Bond v. Bond

850 So. 2d 1001, 2003 WL 21459873
CourtLouisiana Court of Appeal
DecidedJune 25, 2003
Docket37,264-CA
StatusPublished
Cited by2 cases

This text of 850 So. 2d 1001 (Bond v. Bond) is published on Counsel Stack Legal Research, covering Louisiana Court of Appeal primary law. Counsel Stack provides free access to over 12 million legal documents including statutes, case law, regulations, and constitutions.

Bluebook
Bond v. Bond, 850 So. 2d 1001, 2003 WL 21459873 (La. Ct. App. 2003).

Opinion

850 So.2d 1001 (2003)

Johnny Mac BOND, Plaintiff-Appellant,
v.
Alton Ray BOND, Defendant-Appellee.

No. 37,264-CA.

Court of Appeal of Louisiana, Second Circuit.

June 25, 2003.
Rehearing Denied August 14, 2003.

*1002 Culpepper & Carroll, PLLC, by Bobby L. Culpepper, Teresa C. Carroll, Jonesboro, for Appellant.

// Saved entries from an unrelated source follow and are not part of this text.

section \<open>The weak-type hypothesis\<close>

lemma sum_linear_layers_le:
  fixes w \<phi> :: "'i \<Rightarrow> real"
  assumes J: "finite J" and w: "\<forall>\<xi>\<in>J. 0 \<le> w \<xi>" and m: "0 \<le> m"
    and weak: "\<forall>t>0. (\<Sum>\<xi>\<in>{\<xi>\<in>J. t \<le> \<phi> \<xi>}. w \<xi>) \<le> m / t"
  shows "(\<Sum>\<xi>\<in>{\<xi>\<in>J. \<phi> \<xi> < T}. 2 * w \<xi> * y * indicator {0..\<phi> \<xi>} y) \<le> 2 * m * indicator {0..T} y"
proof (cases "0 < y \<and> y \<le> T")
  case True
  have fin: "finite {\<xi>\<in>J. \<phi> \<xi> < T}"
    using J by simp
  have "(\<Sum>\<xi>\<in>{\<xi>\<in>J. \<phi> \<xi> < T}. 2 * w \<xi> * y * indicator {0..\<phi> \<xi>} y)
      = (\<Sum>\<xi>\<in>{\<xi>\<in>{\<xi>\<in>J. \<phi> \<xi> < T}. y \<le> \<phi> \<xi>}. 2 * y * w \<xi>)"
    using True by (subst sum.inter_filter[OF fin]) (auto intro!: sum.cong simp: indicator_def)
  also have "\<dots> \<le> 2 * y * (\<Sum>\<xi>\<in>{\<xi>\<in>J. y \<le> \<phi> \<xi>}. w \<xi>)"
    unfolding sum_distrib_left[symmetric] using True J w by (intro mult_left_mono sum_mono2) auto
  also have "\<dots> \<le> 2 * y * (m / y)"
    using weak True by (intro mult_left_mono) auto
  finally show ?thesis using True by simp
next
  case False
  then have "(\<Sum>\<xi>\<in>{\<xi>\<in>J. \<phi> \<xi> < T}. 2 * w \<xi> * y * indicator {0..\<phi> \<xi>} y) = 0"
    by (intro sum.neutral) (auto simp: indicator_def)
  then show ?thesis using m by simp
qed
(* Let $H$ be a right Hilbert module over a $C^*$-algebra and let $Q\in\mathcal{L}(H)$ be an idempotent. Then $m(I-Q)=I-m(Q)$.
   Context: $\mathcal{L}(H)$ denotes the $C^*$-algebra of all adjointable operators on $H$, $I$ is the identity operator on $H$, $T^*$ is the adjoint of $T$, and $|T|=(T^*T)^{1/2}$ is the positive square root. $Q$ is an idempotent if $Q^2=Q$, and a projection if moreover $Q^*=Q$. For $T\in\mathcal{L}(H)$ with closed range, $T^\dagger$ denotes its Moore–Penrose inverse (the unique $X\in\mathcal{L}(H)$ with $TXT=T$, $XTX=X$, $(TX)^*=TX$, $(XT)^*=XT$). The matched projection of an idempotent $Q\in\mathcal{L}(H)$ is defined by $$m(Q)=\tfrac12\big(|Q^*|+Q^*\big)|Q^*|^\dagger\big(|Q^*|+I\big)^{-1}\big(|Q^*|+Q\big)$$ (here $|Q^*|$ has closed range, so $|Q^*|^\dagger$ exists); it is a projection. *)

theory Defs
  imports "HOL-Analysis.Analysis"
begin

text \<open>The algebra L(H) of adjointable operators on a
Hilbert C*-module H is a unital C*-algebra, and conversely every unital C*-algebra A
is L(A_A); so the statement is phrased for an arbitrary unital C*-algebra.\<close>

class cstar_algebra = real_normed_algebra_1 + banach +
  fixes cstar :: "'a \<Rightarrow> 'a"
    and cscale :: "complex \<Rightarrow> 'a \<Rightarrow> 'a"
  assumes cstar_invol: "cstar (cstar x) = x"
    and cstar_add: "cstar (x + y) = cstar x + cstar y"
    and cstar_mult: "cstar (x * y) = cstar y * cstar x"
    and cstar_cscale: "cstar (cscale c x) = cscale (cnj c) (cstar x)"
    and cscale_add_right: "cscale c (x + y) = cscale c x + cscale c y"
    and cscale_add_left: "cscale (a + b) x = cscale a x + cscale b x"
    and cscale_assoc: "cscale a (cscale b x) = cscale (a * b) x"
    and cscale_of_real: "cscale (complex_of_real r) x = scaleR r x"
    and norm_cscale: "norm (cscale c x) = cmod c * norm x"
    and cscale_left_mult: "cscale c x * y = cscale c (x * y)"
    and cscale_right_mult: "x * cscale c y = cscale c (x * y)"
    and cstar_identity: "norm (cstar x * x) = norm x ^ 2"

definition cstar_positive :: "'a::cstar_algebra \<Rightarrow> bool" where
  "cstar_positive p \<longleftrightarrow> (\<exists>y. p = cstar y * y)"

definition cabs :: "'a::cstar_algebra \<Rightarrow> 'a" where
  "cabs T = (THE p. cstar_positive p \<and> p * p = cstar T * T)"

definition mp_inv :: "'a::cstar_algebra \<Rightarrow> 'a" where
  "mp_inv T = (THE X. T * X * T = T \<and> X * T * X = X \<and>
                      cstar (T * X) = T * X \<and> cstar (X * T) = X * T)"

definition ainv :: "'a::cstar_algebra \<Rightarrow> 'a" where
  "ainv T = (THE Y. T * Y = 1 \<and> Y * T = 1)"

definition matched_proj :: "'a::cstar_algebra \<Rightarrow> 'a" where
  "matched_proj Q = scaleR (1/2)
     ((cabs (cstar Q) + cstar Q) * mp_inv (cabs (cstar Q))
       * ainv (cabs (cstar Q) + 1) * (cabs (cstar Q) + Q))"

end

theory Submission
  imports Defs "HOL-Computational_Algebra.Formal_Power_Series"
begin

Johnson & Placke, Attorneys, by Kenneth Harper, West Monroe, for Appellee.

Before GASKINS, CARAWAY & PEATROSS, JJ.

PEATROSS, J.

This is an appeal from a judgment of the trial court sustaining an Exception of Res Judicata filed by Defendant, Alton Ray Bond ("Alton"). The only issue is whether the trial court erred in sustaining the exception. Finding no error, we affirm the judgment of the trial court.

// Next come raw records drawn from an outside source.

lemma nbrs_Int_clique: "y \<in> C \<Longrightarrow> nbrs V E y \<inter> C = C - {y}"
  using clique simple clique_subset
  by (auto simp: regular_clique_def is_clique_def simple_graph_def nbrs_def)

lemma sum_card_nbrs_Int_clique:
  assumes "x \<in> V"
  defines "s \<equiv> card (nbrs V E x \<inter> C)"
  shows "int (\<Sum>y\<in>nbrs V E x. card (nbrs V E y \<inter> C)) =
    (int (card C) - 1) * int s + int a * (int k - int s)"
proof -
  let ?N = "nbrs V E x"
  have "(\<Sum>y\<in>?N. card (nbrs V E y \<inter> C)) =
      (\<Sum>y\<in>?N \<inter> C. card (nbrs V E y \<inter> C)) + (\<Sum>y\<in>?N - C. card (nbrs V E y \<inter> C))"
    by (rule sum.Int_Diff[OF finite_nbrs])
  also have "\<dots> = (\<Sum>y\<in>?N \<inter> C. card C - 1) + (\<Sum>y\<in>?N - C. a)"
    using clique finite_clique nbrs_Int_clique
    by (intro arg_cong2[where f = "(+)"] sum.cong) (auto simp: regular_clique_def nbrs_def)
  finally have sum_eq: "(\<Sum>y\<in>?N. card (nbrs V E y \<inter> C)) = s * (card C - 1) + card (?N - C) * a"
    by (simp add: s_def)
  have "s \<le> k"
    using card_mono[of ?N "?N \<inter> C"] finite_nbrs card_nbrs[OF assms(1)] by (auto simp: s_def)
  then have outside: "int (card (?N - C)) = int k - int s"
    using card_Diff_subset_Int[of ?N C] finite_nbrs card_nbrs[OF assms(1)] by (simp add: s_def)
  have "card C \<ge> 1"
    using clique finite_clique by (auto simp: regular_clique_def is_clique_def Suc_le_eq card_gt_0_iff)
  then have "int (card C - 1) = int (card C) - 1" by simp
  then show ?thesis
    unfolding sum_eq of_nat_add of_nat_mult outside by (simp add: algebra_simps)
qed

lemma sum_card_common_nbrs_clique_member:
  assumes "x \<in> C"
  shows "(\<Sum>z\<in>C. card (nbrs V E x \<inter> nbrs V E z)) = k + (card C - 1) * lam"
proof -
  have "(\<Sum>z\<in>C. card (nbrs V E x \<inter> nbrs V E z)) =
      card (nbrs V E x \<inter> nbrs V E x) + (\<Sum>z\<in>C - {x}. card (nbrs V E x \<inter> nbrs V E z))"
    by (rule sum.remove[OF finite_clique assms])
  also have "(\<Sum>z\<in>C - {x}. card (nbrs V E x \<inter> nbrs V E z)) = (\<Sum>z\<in>C - {x}. lam)"
    using clique clique_subset assms card_common_nbrs[of x]
    by (intro sum.cong) (auto simp: regular_clique_def is_clique_def subset_iff)
  finally show ?thesis
    using assms clique_subset finite_clique card_nbrs by auto
qed
(* Let $K\subseteq L$ be a finite extension of $F$-finite fields of characteristic $p>0$ and let $\mathfrak T\colon L\to K$ be a non-zero $K$-linear map. Then every $K$-linear map $\phi\colon K^{1/p^e}\to K$ has a unique $\mathfrak T$-transpose, i.e. there is a unique $L$-linear map $\phi_{\mathfrak T}\colon L^{1/p^e}\to L$ with $\mathfrak T\circ\phi_{\mathfrak T}=\phi\circ\mathfrak T^{1/p^e}$.
   Context: $K^{1/p^e}\subseteq L^{1/p^e}$ are the fields of $p^e$-th roots in an algebraic closure; $\mathfrak T^{1/p^e}\colon L^{1/p^e}\to K^{1/p^e}$ is $x^{1/p^e}\mapsto\mathfrak T(x)^{1/p^e}$. $F$-finite means $[K:K^p]<\infty$. *)

theory Defs
  imports "HOL-Computational_Algebra.Polynomial"
begin

text \<open>All fields live inside a fixed algebraically closed ambient field of type 'a.\<close>

definition subfield_of :: "'a::field set \<Rightarrow> bool" where
  "subfield_of K \<longleftrightarrow> 0 \<in> K \<and> 1 \<in> K \<and>
     (\<forall>x\<in>K. \<forall>y\<in>K. x + y \<in> K \<and> x * y \<in> K) \<and>
     (\<forall>x\<in>K. - x \<in> K \<and> inverse x \<in> K)"

definition span_over :: "'a::field set \<Rightarrow> 'a set \<Rightarrow> 'a set" where
  "span_over K S = {(\<Sum>s\<in>S. c s * s) | c. \<forall>s\<in>S. c s \<in> K}"

definition fin_dim_over :: "'a::field set \<Rightarrow> 'a set \<Rightarrow> bool" where
  "fin_dim_over K V \<longleftrightarrow> (\<exists>S. finite S \<and> S \<subseteq> V \<and> V = span_over K S)"

definition finite_extension :: "'a::field set \<Rightarrow> 'a set \<Rightarrow> bool" where
  "finite_extension K L \<longleftrightarrow> subfield_of K \<and> subfield_of L \<and> K \<subseteq> L \<and> fin_dim_over K L"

FACTS AND PROCEDURAL BACKGROUND

This is a dispute among brothers over the cutting of timber on land that was owned by the brothers. Johnny Mac Bond and Herman C. Bond each owned an undivided one-fifth interest in the subject land and Alton Ray Bond owned an undivided three-fifth interest in the land. Alton cut timber on the land without Johnny's and Herman's permission; and, on September 16, 1999, Johnny and Herman filed suit in Jackson Parish against Alton (docket # 27,420, hereinafter "the first suit") alleging that Alton acted in "extreme bad faith" in cutting the timber without permission and had refused to account for the proceeds of the sale.[1] The petition prayed for treble damages for the bad faith cutting of the timber and attorney fees. That case went to trial and evidence was adduced regarding the cutting and sale of the timber. Finding that Alton had cut the timber without permission of Johnny and Herman, the trial court awarded Herman three times one-fifth of the total receipts of the timber cut with no set-off. As to Johnny, the trial court held that, although the timber was cut without his permission, his claim had prescribed because he admitted that he knew about the cutting of the timber more than one year prior to filing suit. Johnny did not appeal the judgment.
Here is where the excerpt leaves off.